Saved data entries
►

lemma sum_glue_weights_left:
  assumes fin: "finite E1" "finite E2"
    and u1: "\<And>A. A \<subseteq> E1 \<Longrightarrow> c1 A \<noteq> 0 \<Longrightarrow> \<exists>f\<in>E1 \<inter> E2. A \<inter> E2 = {f}"
    and u2: "\<And>B. B \<subseteq> E2 \<Longrightarrow> c2 B \<noteq> 0 \<Longrightarrow> \<exists>f\<in>E1 \<inter> E2. B \<inter> E1 = {f}"
    and m2: "\<And>f. f \<in> E1 \<inter> E2 \<Longrightarrow> sum c2 {B\<in>Pow E2. f \<in> B} = x f"
    and pos: "\<And>f. f \<in> E1 \<inter> E2 \<Longrightarrow> 0 < x f"
  shows "sum (glue_weights c1 c2 E1 E2 x) {M\<in>Pow (E1 \<union> E2). P (M \<inter> E1)} = sum c1 {A\<in>Pow E1. P A}"
proof -
  have c2f: "sum c2 {B\<in>Pow E2. True \<and> B \<inter> E1 = {f}} = x f" if f: "f \<in> E1 \<inter> E2" for f
  proof -
    have "sum c2 {B\<in>Pow E2. True \<and> B \<inter> E1 = {f}} = sum c2 {B\<in>Pow E2. f \<in> B}"
    proof (rule sum_filter_cong_support)
      fix B assume "B \<in> Pow E2" "c2 B \<noteq> 0"
      then obtain f' where "B \<inter> E1 = {f'}" using u2 by blast
      then show "True \<and> B \<inter> E1 = {f} \<longleftrightarrow> f \<in> B" using f by auto
    qed (use fin in simp)
    then show ?thesis using m2 f by simp
  qed
  have "sum (glue_weights c1 c2 E1 E2 x) {M\<in>Pow (E1 \<union> E2). P (M \<inter> E1)} =
      sum (glue_weights c1 c2 E1 E2 x) {M\<in>Pow (E1 \<union> E2). P (M \<inter> E1) \<and> True}" by simp
  also have "\<dots> = (\<Sum>f\<in>E1 \<inter> E2. sum c1 {A\<in>Pow E1. P A \<and> A \<inter> E2 = {f}} *
      sum c2 {B\<in>Pow E2. True \<and> B \<inter> E1 = {f}} / x f)"
    by (rule sum_glue_weights[OF fin])
  also have "\<dots> = (\<Sum>f\<in>E1 \<inter> E2. sum c1 {A\<in>Pow E1. P A \<and> A \<inter> E2 = {f}})"
    using c2f pos by (intro sum.cong refl) (simp add: less_imp_neq[symmetric])
  also have "\<dots> = (\<Sum>f\<in>E1 \<inter> E2. sum c1 {A\<in>{A\<in>Pow E1. P A}. A \<inter> E2 = {f}})"
    by (intro sum.cong arg_cong[where f = "sum c1"]) auto
  also have "\<dots> = sum c1 {A\<in>Pow E1. P A}"
    using fin u1 by (intro sum_over_singleton_fibres) auto
  finally show ?thesis .
qed

lemma contract_edges_shores:
  assumes G: "multigraph V E ends" and S: "S \<subseteq> V"
  shows "contract_edges S E ends \<union> contract_edges (V - S) E ends = E"
    "contract_edges S E ends \<inter> contract_edges (V - S) E ends = cut_edges E ends S"
proof -
  have "ends e \<subseteq> V" "ends e \<noteq> {}" if "e \<in> E" for e
    using multigraph_ends[OF G that] by auto
  then show "contract_edges S E ends \<union> contract_edges (V - S) E ends = E"
    "contract_edges S E ends \<inter> contract_edges (V - S) E ends = cut_edges E ends S"
    unfolding contract_edges_def cut_edges_def by blast+
qed

lemma perfect_matching_contract_meets_cut:
  assumes G: "multigraph V E ends" and S: "S \<subseteq> V" "r \<in> V - S"
    and M: "perfect_matching (insert r S) (contract_edges S E ends) (contract_ends S r ends) M"
  shows "\<exists>f\<in>cut_edges E ends S. M \<inter> contract_edges (V - S) E ends = {f}"
proof -
  have "M \<subseteq> contract_edges S E ends" "card (incident_edges M (contract_ends S r ends) r) = 1"
    using M by (auto simp: perfect_matching_def)
  moreover from this(1) have "M \<inter> contract_edges (V - S) E ends = M \<inter> cut_edges E ends S"
    using contract_edges_shores(2)[OF G S(1)] by blast
  ultimately have "card (M \<inter> contract_edges (V - S) E ends) = 1"
    using incident_edges_contract[OF G S] by simp
  then obtain f where "M \<inter> contract_edges (V - S) E ends = {f}" by (meson card_1_singletonE)
  moreover from this have "f \<in> cut_edges E ends S"
    using contract_edges_shores(2)[OF G S(1)] \<open>M \<subseteq> contract_edges S E ends\<close> by blast
  ultimately show ?thesis by blast
qed

lemma incident_edges_contract_inside:
  assumes G: "multigraph V E ends" and K: "K \<subseteq> V" "r \<in> V - K" and "v \<in> K" "M \<subseteq> E"
  shows "incident_edges (M \<inter> contract_edges K E ends) (contract_ends K r ends) v = incident_edges M ends v"
proof -
  have "v \<noteq> r" using K assms(4) by blast
  then have "incident_edges (M \<inter> contract_edges K E ends) (contract_ends K r ends) v =
      M \<inter> contract_edges K E ends \<inter> incident_edges E ends v"
    using incident_edges_contract[OF G K _ Int_lower2] assms(4) by simp
  then show ?thesis using assms(4,5) by (auto simp: incident_edges_def contract_edges_def)
qed

lemma perfect_matching_glue:
  assumes G: "multigraph V E ends" and S: "S \<subseteq> V" "r1 \<in> V - S" "r2 \<in> S" and "M \<subseteq> E"
    and M1: "perfect_matching (insert r1 S) (contract_edges S E ends) (contract_ends S r1 ends)
      (M \<inter> contract_edges S E ends)"
    and M2: "perfect_matching (insert r2 (V - S)) (contract_edges (V - S) E ends) (contract_ends (V - S) r2 ends)
      (M \<inter> contract_edges (V - S) E ends)"
  shows "perfect_matching V E ends M"
proof -
  have S': "V - S \<subseteq> V" "r2 \<in> V - (V - S)" using S by auto
  have "card (incident_edges M ends v) = 1" if v: "v \<in> V" for v
  proof (cases "v \<in> S")
    case True
    then show ?thesis using M1 incident_edges_contract_inside[OF G S(1,2) True \<open>M \<subseteq> E\<close>]
      unfolding perfect_matching_def by auto
  next
    case False
    then have "v \<in> V - S" using v by blast
    then show ?thesis using M2 incident_edges_contract_inside[OF G S' _ \<open>M \<subseteq> E\<close>]
      unfolding perfect_matching_def by auto
  qed
  then show ?thesis using \<open>M \<subseteq> E\<close> by (simp add: perfect_matching_def)
qed

lemma in_pm_hull_glue:
  assumes G: "multigraph V E ends" and pos: "\<forall>e\<in>cut_edges E ends S. 0 < x e"
    and S: "S \<subseteq> V" "r1 \<in> V - S" "r2 \<in> S"
    and H1: "in_pm_hull (insert r1 S) (contract_edges S E ends) (contract_ends S r1 ends) x"
    and H2: "in_pm_hull (insert r2 (V - S)) (contract_edges (V - S) E ends) (contract_ends (V - S) r2 ends) x"
  shows "in_pm_hull V E ends x"
proof -
  define E1 where "E1 = contract_edges S E ends"
  define E2 where "E2 = contract_edges (V - S) E ends"
  have S': "V - S \<subseteq> V" "r2 \<in> V - (V - S)" using S by auto
  have fin: "finite E1" "finite E2"
    using multigraph_finite(2)[OF G] by (auto simp: E1_def E2_def contract_edges_def)
  have EU: "E1 \<union> E2 = E" and CI: "E1 \<inter> E2 = cut_edges E ends S"
    using contract_edges_shores[OF G S(1)] by (simp_all add: E1_def E2_def)
  obtain c1 where c1: "\<forall>M. 0 \<le> c1 M" "\<forall>M. c1 M \<noteq> 0 \<longrightarrow> perfect_matching (insert r1 S) E1 (contract_ends S r1 ends) M"
    "sum c1 (Pow E1) = 1" "\<forall>e\<in>E1. sum c1 {M\<in>Pow E1. e \<in> M} = x e"
    using H1 unfolding in_pm_hull_def E1_def by blast
  obtain c2 where c2: "\<forall>M. 0 \<le> c2 M" "\<forall>M. c2 M \<noteq> 0 \<longrightarrow> perfect_matching (insert r2 (V - S)) E2 (contract_ends (V - S) r2 ends) M"
    "sum c2 (Pow E2) = 1" "\<forall>e\<in>E2. sum c2 {M\<in>Pow E2. e \<in> M} = x e"
    using H2 unfolding in_pm_hull_def E2_def by blast
  have pos': "\<And>f. f \<in> E1 \<inter> E2 \<Longrightarrow> 0 < x f" using pos CI by blast
  have VVS: "V - (V - S) = S" using S(1) by blast
  have u1: "\<exists>f\<in>E1 \<inter> E2. A \<inter> E2 = {f}" if "c1 A \<noteq> 0" for A
    using perfect_matching_contract_meets_cut[OF G S(1,2)] c1(2) that CI unfolding E1_def E2_def by blast
  have u2: "\<exists>f\<in>E1 \<inter> E2. B \<inter> E1 = {f}" if "c2 B \<noteq> 0" for B
    using perfect_matching_contract_meets_cut[OF G S'] c2(2) that CI cut_edges_compl[OF G S(1)]
    unfolding E1_def E2_def VVS by blast
  define c where "c = glue_weights c1 c2 E1 E2 x"
  have marg: "sum c {M\<in>Pow E. P (M \<inter> E1)} = sum c1 {A\<in>Pow E1. P A}" for P
    unfolding c_def EU[symmetric] using fin u1 u2 c2(4) pos' by (intro sum_glue_weights_left) auto
  have marg': "sum c {M\<in>Pow E. P (M \<inter> E2)} = sum c2 {B\<in>Pow E2. P B}" for P
    unfolding c_def glue_weights_commute[of c1 c2 E1 E2 x] EU[symmetric] Un_commute[of E1]
    using fin u1 u2 c1(4) pos' by (intro sum_glue_weights_left) (auto simp: Int_commute)
  show ?thesis unfolding in_pm_hull_def
  proof (intro exI[of _ c] conjI allI impI ballI)
    show "0 \<le> c M" for M
      using c1(1) c2(1) pos unfolding c_def glue_weights_def CI
      by (auto intro!: sum_nonneg divide_nonneg_pos)
    show "perfect_matching V E ends M" if "c M \<noteq> 0" for M
    proof -
      note nz = glue_weights_nonzero[OF that[unfolded c_def]]
      show ?thesis using c1(2) nz(2) c2(2) nz(3) nz(1) EU
        by (intro perfect_matching_glue[OF G S]) (auto simp: E1_def E2_def)
    qed
    show "sum c (Pow E) = 1" using marg[of "\<lambda>_. True"] c1(3) by (simp add: Pow_def)
    show "sum c {M\<in>Pow E. e \<in> M} = x e" if "e \<in> E" for e
    proof (cases "e \<in> E1")
      case True
      then show ?thesis using marg[of "\<lambda>A. e \<in> A"] c1(4) by simp
    next
      case False
      then show ?thesis using that EU marg'[of "\<lambda>B. e \<in> B"] c2(4) by auto
    qed
  qed
qed

lemma in_pm_hull_empty: "multigraph {} E ends \<Longrightarrow> in_pm_hull {} E ends x"
  unfolding multigraph_def in_pm_hull_def
  by (rule exI[of _ "\<lambda>M. if M = {} then 1 else 0"]) (force simp: perfect_matching_def)

lemma in_pm_hull_convex:
  assumes H1: "in_pm_hull V E ends x1" and H2: "in_pm_hull V E ends x2" and l: "0 \<le> l" "l \<le> 1"
    and x: "\<forall>e\<in>E. x e = l * x1 e + (1 - l) * x2 e"
  shows "in_pm_hull V E ends x"
proof -
  obtain c1 where c1: "\<forall>M. 0 \<le> c1 M" "\<forall>M. c1 M \<noteq> 0 \<longrightarrow> perfect_matching V E ends M"
    "sum c1 (Pow E) = 1" "\<forall>e\<in>E. sum c1 {M\<in>Pow E. e \<in> M} = x1 e"
    using H1 unfolding in_pm_hull_def by blast
  obtain c2 where c2: "\<forall>M. 0 \<le> c2 M" "\<forall>M. c2 M \<noteq> 0 \<longrightarrow> perfect_matching V E ends M"
    "sum c2 (Pow E) = 1" "\<forall>e\<in>E. sum c2 {M\<in>Pow E. e \<in> M} = x2 e"
    using H2 unfolding in_pm_hull_def by blast
  show ?thesis unfolding in_pm_hull_def
  proof (intro exI[of _ "\<lambda>M. l * c1 M + (1 - l) * c2 M"] conjI allI impI ballI)
    show "0 \<le> l * c1 M + (1 - l) * c2 M" for M using c1(1) c2(1) l by simp
    show "perfect_matching V E ends M" if "l * c1 M + (1 - l) * c2 M \<noteq> 0" for M
      using that c1(2) c2(2) by (metis add.right_neutral mult_zero_right)
    show "(\<Sum>M\<in>Pow E. l * c1 M + (1 - l) * c2 M) = 1"
      using c1(3) c2(3) by (simp add: sum.distrib sum_distrib_left[symmetric])
    show "(\<Sum>M\<in>{M\<in>Pow E. e \<in> M}. l * c1 M + (1 - l) * c2 M) = x e" if "e \<in> E" for e
      using c1(4) c2(4) x that by (simp add: sum.distrib sum_distrib_left[symmetric])
  qed
qed

lemma multigraph_Diff_edge: "multigraph V E ends \<Longrightarrow> multigraph V (E - {e0}) ends"
  by (auto simp: multigraph_def)

lemma in_pm_polytope_Diff_zero_edge:
  assumes "finite E" "in_pm_polytope V E ends x" "x e0 = 0"
  shows "in_pm_polytope V (E - {e0}) ends x"
proof -
  have "sum x (A - {e0}) = sum x A" if "A \<subseteq> E" for A
    using that assms(1,3) by (metis finite_subset sum_diff1 diff_zero)
  moreover have "incident_edges (E - {e0}) ends v = incident_edges E ends v - {e0}"
    "cut_edges (E - {e0}) ends S = cut_edges E ends S - {e0}" for v S
    by (auto simp: incident_edges_def cut_edges_def)
  ultimately show ?thesis using assms(2)
    by (simp add: in_pm_polytope_def incident_edges_def cut_edges_def)
qed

◄

- _WHAT THIS TASK INVOLVES_:
Your reply should be one number: the count of lines above that hold the word "forall".

- _ANSWER BOX_:
10